The required answer is every line of the data containing the word "that".

_Records for this task_
* * * * *

lemma convex_combination_between_min_max:
  fixes a b \<theta> :: real
  assumes "0 \<le> \<theta>" "\<theta> \<le> 1"
  shows "min a b \<le> a + (b - a) * \<theta> \<and> a + (b - a) * \<theta> \<le> max a b"
proof -
  have "a + (b - a) * \<theta> = (1 - \<theta>) * a + \<theta> * b" by (simp add: algebra_simps)
  moreover have "(1 - \<theta>) * min a b + \<theta> * min a b \<le> (1 - \<theta>) * a + \<theta> * b"
    using assms by (intro add_mono mult_left_mono) auto
  moreover have "(1 - \<theta>) * a + \<theta> * b \<le> (1 - \<theta>) * max a b + \<theta> * max a b"
    using assms by (intro add_mono mult_left_mono) auto
  ultimately show ?thesis by (simp add: algebra_simps)
qed

lemma sum_list_map_eq_sum_count_of_nat:
  fixes f :: "'b \<Rightarrow> 'a::comm_semiring_1"
  shows "sum_list (map f xs) = (\<Sum>x\<in>set xs. of_nat (count_list xs x) * f x)"
proof (induction xs)
  case (Cons x xs)
  have e: "(\<Sum>y\<in>set (x#xs). of_nat (count_list (x#xs) y) * f y)
      = (\<Sum>y\<in>insert x (set xs). of_nat (count_list xs y) * f y + (if x = y then f y else 0))"
    by (rule sum.cong) (auto simp: algebra_simps)
  show ?case
  proof (cases "x \<in> set xs")
    case True
    hence i: "insert x (set xs) = set xs" by auto
    have "(\<Sum>y\<in>set xs. of_nat (count_list xs y) * f y + (if x = y then f y else 0))
       = (\<Sum>y\<in>set xs. of_nat (count_list xs y) * f y) + f x"
      using True by (simp add: sum.distrib sum.delta)
    then show ?thesis using e Cons i by (simp add: add.commute)
  next
    case False
    have c0: "count_list xs x = 0" using False by (simp add: count_list_0_iff)
    have "(\<Sum>y\<in>insert x (set xs). of_nat (count_list xs y) * f y + (if x = y then f y else 0))
       = (\<Sum>y\<in>set xs. of_nat (count_list xs y) * f y) + f x"
      using False c0 by (simp add: sum.distrib sum.delta)
    then show ?thesis using e Cons by (simp add: add.commute)
  qed
qed simp

lemma abs_diff_le_rho:
  assumes "f ` I01 \<subseteq> I01" "g ` I01 \<subseteq> I01" "x \<in> I01"
  shows "\<bar>f x - g x\<bar> \<le> rho f g"
proof -
  have "bdd_above ((\<lambda>x. \<bar>f x - g x\<bar>) ` I01)"
  proof (rule bdd_aboveI2)
    fix y assume "y \<in> I01"
    then show "\<bar>f y - g y\<bar> \<le> 1" using assms(1,2) by (force simp: I01_def)
  qed
  then show ?thesis unfolding rho_def using assms(3) by (intro cSUP_upper)
qed

lemma rho_le:
  assumes "\<And>x. x \<in> I01 \<Longrightarrow> \<bar>f x - g x\<bar> \<le> c"
  shows "rho f g \<le> c"
  unfolding rho_def by (rule cSUP_least) (use assms in \<open>auto simp: I01_def\<close>)

lemma exists_fine_grid:
  fixes f :: "real \<Rightarrow> real"
  assumes "uniformly_continuous_on I01 f" "0 < c" "0 < e"
  obtains n :: nat where "n \<ge> 2" "1 / real n \<le> c"
    "\<And>x y. x \<in> I01 \<Longrightarrow> y \<in> I01 \<Longrightarrow> \<bar>x - y\<bar> \<le> 1 / real n \<Longrightarrow> \<bar>f x - f y\<bar> \<le> e"
proof -
  obtain \<zeta> where \<zeta>: "\<zeta> > 0" "\<forall>y\<in>I01. \<forall>x\<in>I01. dist x y < \<zeta> \<longrightarrow> dist (f x) (f y) < e"
    using assms(1,3) unfolding uniformly_continuous_on_def by blast
  obtain n :: nat where "max (1 / \<zeta>) (1 / c) + 2 < real n" using reals_Archimedean2 by blast
  moreover have "0 < 1 / \<zeta>" "1 / \<zeta> \<le> max (1 / \<zeta>) (1 / c)" "1 / c \<le> max (1 / \<zeta>) (1 / c)"
    using \<zeta>(1) by auto
  ultimately have "2 < real n" "1 / \<zeta> < real n" "1 / c < real n" by linarith+
  then have n: "n \<ge> 2" "1 / real n < \<zeta>" "1 / real n \<le> c"
    using \<zeta>(1) assms(2) by (auto simp: field_simps)
  have "\<bar>f x - f y\<bar> \<le> e" if "x \<in> I01" "y \<in> I01" "\<bar>x - y\<bar> \<le> 1 / real n" for x y
  proof -
    have "dist x y < \<zeta>" using that(3) n(2) by (simp add: dist_real_def)
    then have "dist (f x) (f y) < e" using \<zeta>(2) that(1,2) by blast
    then show ?thesis by (simp add: dist_real_def)
  qed
  then show thesis using that n by blast
qed

section \<open>Chains of intervals covered by a continuous map\<close>

lemma image_eq_atLeastAtMost_of_no_return:
  fixes g :: "real \<Rightarrow> real"
  assumes uv: "u \<le> v" and gc: "continuous_on {u..v} g" and cd: "c \<le> d"
    and gu: "g u = c" and gv: "g v = d"
    and no_c: "\<And>t. u < t \<Longrightarrow> t \<le> v \<Longrightarrow> g t \<noteq> c"
    and no_d: "\<And>t. u \<le> t \<Longrightarrow> t < v \<Longrightarrow> g t \<noteq> d"
  shows "g ` {u..v} = {c..d}"
proof
  show "{c..d} \<subseteq> g ` {u..v}"
  proof
    fix y assume "y \<in> {c..d}"
    then obtain t where "u \<le> t" "t \<le> v" "g t = y"
      using IVT'[of g u y v] uv gc gu gv by auto
    then show "y \<in> g ` {u..v}" by auto
  qed
  show "g ` {u..v} \<subseteq> {c..d}"
  proof (rule image_subsetI)
    fix t assume "t \<in> {u..v}"
    then have t: "u \<le> t" "t \<le> v" by auto
    have "c \<le> g t"
    proof (rule ccontr)
      assume "\<not> c \<le> g t"
      moreover have "continuous_on {t..v} g" using gc t by (auto intro: continuous_on_subset)
      ultimately obtain s where "t \<le> s" "s \<le> v" "g s = c"
        using IVT'[of g t c v] t cd gv by auto
      moreover have "t \<noteq> u" using \<open>\<not> c \<le> g t\<close> gu by auto
      ultimately show False using no_c t by force
    qed
    moreover have "g t \<le> d"
    proof (rule ccontr)
      assume "\<not> g t \<le> d"
      moreover have "continuous_on {u..t} g" using gc t by (auto intro: continuous_on_subset)
      ultimately obtain s where "u \<le> s" "s \<le> t" "g s = d"
        using IVT'[of g u d t] t cd gu by auto
      moreover have "t \<noteq> v" using \<open>\<not> g t \<le> d\<close> gv by auto
      ultimately show False using no_d t by force
    qed
    ultimately show "g t \<in> {c..d}" by simp
  qed
qed

lemma subinterval_image_eq_mono:
  fixes g :: "real \<Rightarrow> real"
  assumes uv: "u \<le> v" and gc: "continuous_on {u..v} g" and le: "g u \<le> g v"
  shows "\<exists>u' v'. u \<le> u' \<and> u' \<le> v' \<and> v' \<le> v \<and> g ` {u'..v'} = {g u..g v}"
proof -
  \<comment> \<open>the last visit of the value \<open>g u\<close>, followed by the first subsequent visit of \<open>g v\<close>\<close>
  define U where "U = {u..v} \<inter> g -` {g u}"
  have "closed U" unfolding U_def using gc by (intro continuous_closed_preimage) auto
  moreover have "U \<noteq> {}" "bdd_above U" using uv by (auto simp: U_def)
  ultimately have u'U: "Sup U \<in> U" by (rule closed_contains_Sup[rotated -1])
  define u' where "u' = Sup U"
  have u': "u \<le> u'" "u' \<le> v" "g u' = g u" using u'U by (auto simp: U_def u'_def)
  have last: "t \<le> u'" if "t \<in> U" for t
    unfolding u'_def using \<open>bdd_above U\<close> that by (rule cSup_upper[rotated])
  define V where "V = {u'..v} \<inter> g -` {g v}"
  have "closed V" unfolding V_def using gc u' by (intro continuous_closed_preimage) (auto intro: continuous_on_subset)
  moreover have "V \<noteq> {}" "bdd_below V" using u' by (auto simp: V_def)
  ultimately have v'V: "Inf V \<in> V" by (rule closed_contains_Inf[rotated -1])
  define v' where "v' = Inf V"
  have v': "u' \<le> v'" "v' \<le> v" "g v' = g v" using v'V by (auto simp: V_def v'_def)
  have first: "v' \<le> t" if "t \<in> V" for t
    unfolding v'_def using \<open>bdd_below V\<close> that by (rule cInf_lower[rotated])
  have "g ` {u'..v'} = {g u..g v}"
  proof (rule image_eq_atLeastAtMost_of_no_return)
    show "continuous_on {u'..v'} g" using gc u' v' by (auto intro: continuous_on_subset)
    show "g t \<noteq> g u" if "u' < t" "t \<le> v'" for t
      using last[of t] that u' v' by (force simp: U_def)
    show "g t \<noteq> g v" if "u' \<le> t" "t < v'" for t
      using first[of t] that v' by (force simp: V_def)
  qed (use u' v' le in auto)
  then show ?thesis using u' v' by blast
qed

* * * * *

_Response box_
    have "dist x y < \<zeta>" using that(3) n(2) by (simp add: dist_real_def)
    then have "dist (f x) (f y) < e" using \<zeta>(2) that(1,2) by blast
  then show thesis using that n by blast
    unfolding u'_def using \<open>bdd_above U\<close> that by (rule cSup_upper[rotated])
    unfolding v'_def using \<open>bdd_below V\<close> that by (rule cInf_lower[rotated])
      using last[of t] that u' v' by (force simp: U_def)
      using first[of t] that v' by (force simp: V_def)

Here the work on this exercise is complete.